lemma norm_form_remainder_mem_I:
  assumes s: "s \<in> I 0" and close: "\<Delta> - s ^ 2 \<in> I (2 * v 2)"
    and "x1 - s * x2 \<in> I a" "x2 \<in> I b" "k \<le> v 2 + a + b" "k \<le> 2 * v 2 + 2 * b"
  shows "2 * s * x2 * (x1 - s * x2) - (\<Delta> - s ^ 2) * x2 ^ 2 \<in> I k"
proof -
  have "2 * s * x2 \<in> I (v 2 + b)"
    using I_mult[OF I_mult[OF mem_I_val s order.refl] assms(4) order.refl] by simp
  then have "2 * s * x2 * (x1 - s * x2) \<in> I k"
    using I_mult assms(3,5) by (simp add: add.commute add.left_commute)
  moreover have "(\<Delta> - s ^ 2) * x2 ^ 2 \<in> I k"
    using I_mult[OF close I_mult[OF assms(4) assms(4) order.refl]] assms(6)
    by (simp add: power2_eq_square)
  ultimately show ?thesis
    by (rule I_diff)
qed

(* With d = x1 - s x2 we have N = d^2 + (2 s x2 d - (Delta - s^2) x2^2). The upper bound on
   ord (Delta - r^2) keeps x2 small whenever N is small; the bracket then has larger order than d^2
   unless d is small as well. The condition m <= 2j <= m + 1 says j = ceil(m/2). *)
lemma norm_form_mem_I_iff:
  assumes s: "s \<in> I 0" and close: "\<Delta> - s ^ 2 \<in> I (2 * v 2)"
    and far: "\<And>r. \<Delta> - r ^ 2 \<noteq> 0 \<and> v (\<Delta> - r ^ 2) \<le> 2 * v 2"
    and j: "m \<le> 2 * j" "2 * j \<le> m + 1"
  shows "x1 ^ 2 - \<Delta> * x2 ^ 2 \<in> I m \<longleftrightarrow> x1 - s * x2 \<in> I j \<and> x2 \<in> I (j - v 2)"
proof -
  define d where "d = x1 - s * x2"
  define R where "R = 2 * s * x2 * d - (\<Delta> - s ^ 2) * x2 ^ 2"
  have N: "x1 ^ 2 - \<Delta> * x2 ^ 2 = d ^ 2 + R"
    unfolding d_def R_def by (simp add: algebra_simps power2_eq_square)
  have R_mem: "R \<in> I k"
    if "d \<in> I a" "x2 \<in> I b" "k \<le> v 2 + a + b" "k \<le> 2 * v 2 + 2 * b" for a b k
    using norm_form_remainder_mem_I[OF s close that[unfolded d_def]] unfolding R_def d_def .
  have d_sq: "d ^ 2 \<in> I (2 * a)" if "d \<in> I a" for a
    using I_mult[OF that that] by (simp add: power2_eq_square)
  show ?thesis
    unfolding N d_def[symmetric]
  proof
    assume "d \<in> I j \<and> x2 \<in> I (j - v 2)"
    then have "d ^ 2 + R \<in> I (2 * j)"
      using I_add d_sq R_mem[of j "j - v 2" "2 * j"] by auto
    then show "d ^ 2 + R \<in> I m"
      using I_antimono j(1) by blast
  next
    assume N_mem: "d ^ 2 + R \<in> I m"
    have x2: "x2 \<in> I (j - v 2)"
    proof (cases "x2 = 0")
      case False
      then show ?thesis
        using val_norm_form_le[OF far False, of x1] N_mem j unfolding N by (simp add: mem_I_iff)
    qed simp
    have "d \<in> I j"
    proof (rule ccontr)
      assume "d \<notin> I j"
      then have d: "d \<noteq> 0" "v d < j"
        by (auto simp: mem_I_iff)
      have "R \<in> I (v (d ^ 2) + 1)"
        using R_mem[OF mem_I_val x2] d by (simp add: val_power)
      from val_add_dominant[OF _ this] have "d ^ 2 + R \<noteq> 0" "v (d ^ 2 + R) = 2 * v d"
        using d by (simp_all add: val_power)
      then show False
        using N_mem d j by (simp add: mem_I_iff)
    qed
    with x2 show "d \<in> I j \<and> x2 \<in> I (j - v 2)"
      by blast
  qed
qed

lemma even_val_norm_form:
  assumes s: "s \<in> I 0" and close: "\<Delta> - s ^ 2 \<in> I (2 * v 2)"
    and far: "\<And>r. \<Delta> - r ^ 2 \<noteq> 0 \<and> v (\<Delta> - r ^ 2) \<le> 2 * v 2"
    and N: "x1 ^ 2 - \<Delta> * x2 ^ 2 \<noteq> 0"
  shows "even (v (x1 ^ 2 - \<Delta> * x2 ^ 2))"
proof (rule ccontr)
  let ?N = "x1 ^ 2 - \<Delta> * x2 ^ 2"
  assume "odd (v ?N)"
  then obtain k where k: "v ?N = 2 * k + 1"
    by (rule oddE)
  have "?N \<in> I (2 * (k + 1) - 1)"
    using mem_I_val[of ?N] k by (simp add: add.commute)
  then have "?N \<in> I (2 * (k + 1))"
    using norm_form_mem_I_iff[OF s close far, of "2 * (k + 1) - 1" "k + 1"]
      norm_form_mem_I_iff[OF s close far, of "2 * (k + 1)" "k + 1"]
    by simp
  then show False
    using N k by (simp add: mem_I_iff)
qed

lemma even_val_norm_form_char2:
  assumes two: "(2::'a) = 0" and qd: "quad_defect v \<Delta> = {0}" and N: "x1 ^ 2 - \<Delta> * x2 ^ 2 \<noteq> 0"
  shows "even (v (x1 ^ 2 - \<Delta> * x2 ^ 2))"
proof (cases "x2 = 0")
  case True
  then show ?thesis
    using N by (simp add: val_power)
next
  case x2: False
  let ?N = "x1 ^ 2 - \<Delta> * x2 ^ 2"
  have "?N / x2 ^ 2 \<notin> quad_defect v \<Delta>"
    using qd N x2 by simp
  then obtain r where r: "?N / x2 ^ 2 \<notin> principal v (\<Delta> - r ^ 2)"
    by (auto simp: mem_quad_defect_iff)
  have small: "(\<Delta> - r ^ 2) * x2 ^ 2 \<in> I (v ?N + 1)"
  proof (cases "\<Delta> - r ^ 2 = 0")
    case False
    have "v (?N / x2 ^ 2) = v ?N - 2 * v x2"
      using val_divide[OF N, of "x2 ^ 2"] x2 by (simp add: val_power)
    then have "v ?N - 2 * v x2 < v (\<Delta> - r ^ 2)"
      using r False by (simp add: principal_eq_I mem_I_iff)
    then show ?thesis
      using False x2 by (simp add: mem_I_iff val_mult val_power)
  qed simp
  \<comment> \<open>in characteristic 2 the cross term of (x1 - r x2)^2 vanishes\<close>
  have sq: "?N + (\<Delta> - r ^ 2) * x2 ^ 2 = (x1 - r * x2) ^ 2"
  proof -
    have "(x1 - r * x2) ^ 2 - (?N + (\<Delta> - r ^ 2) * x2 ^ 2) = 2 * (r ^ 2 * x2 ^ 2 - r * x1 * x2)"
      by (simp add: algebra_simps power2_eq_square)
    then show ?thesis
      using two by simp
  qed
  note val_add_dominant[OF N small, unfolded sq]
  then have "x1 - r * x2 \<noteq> 0" "v ?N = 2 * v (x1 - r * x2)"
    by (simp_all add: val_power)
  then show ?thesis
    by simp
qed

• Your objective
Show, from the listing above, each line that contains the word "ccontr".

• Response to the task
    proof (rule ccontr)
proof (rule ccontr)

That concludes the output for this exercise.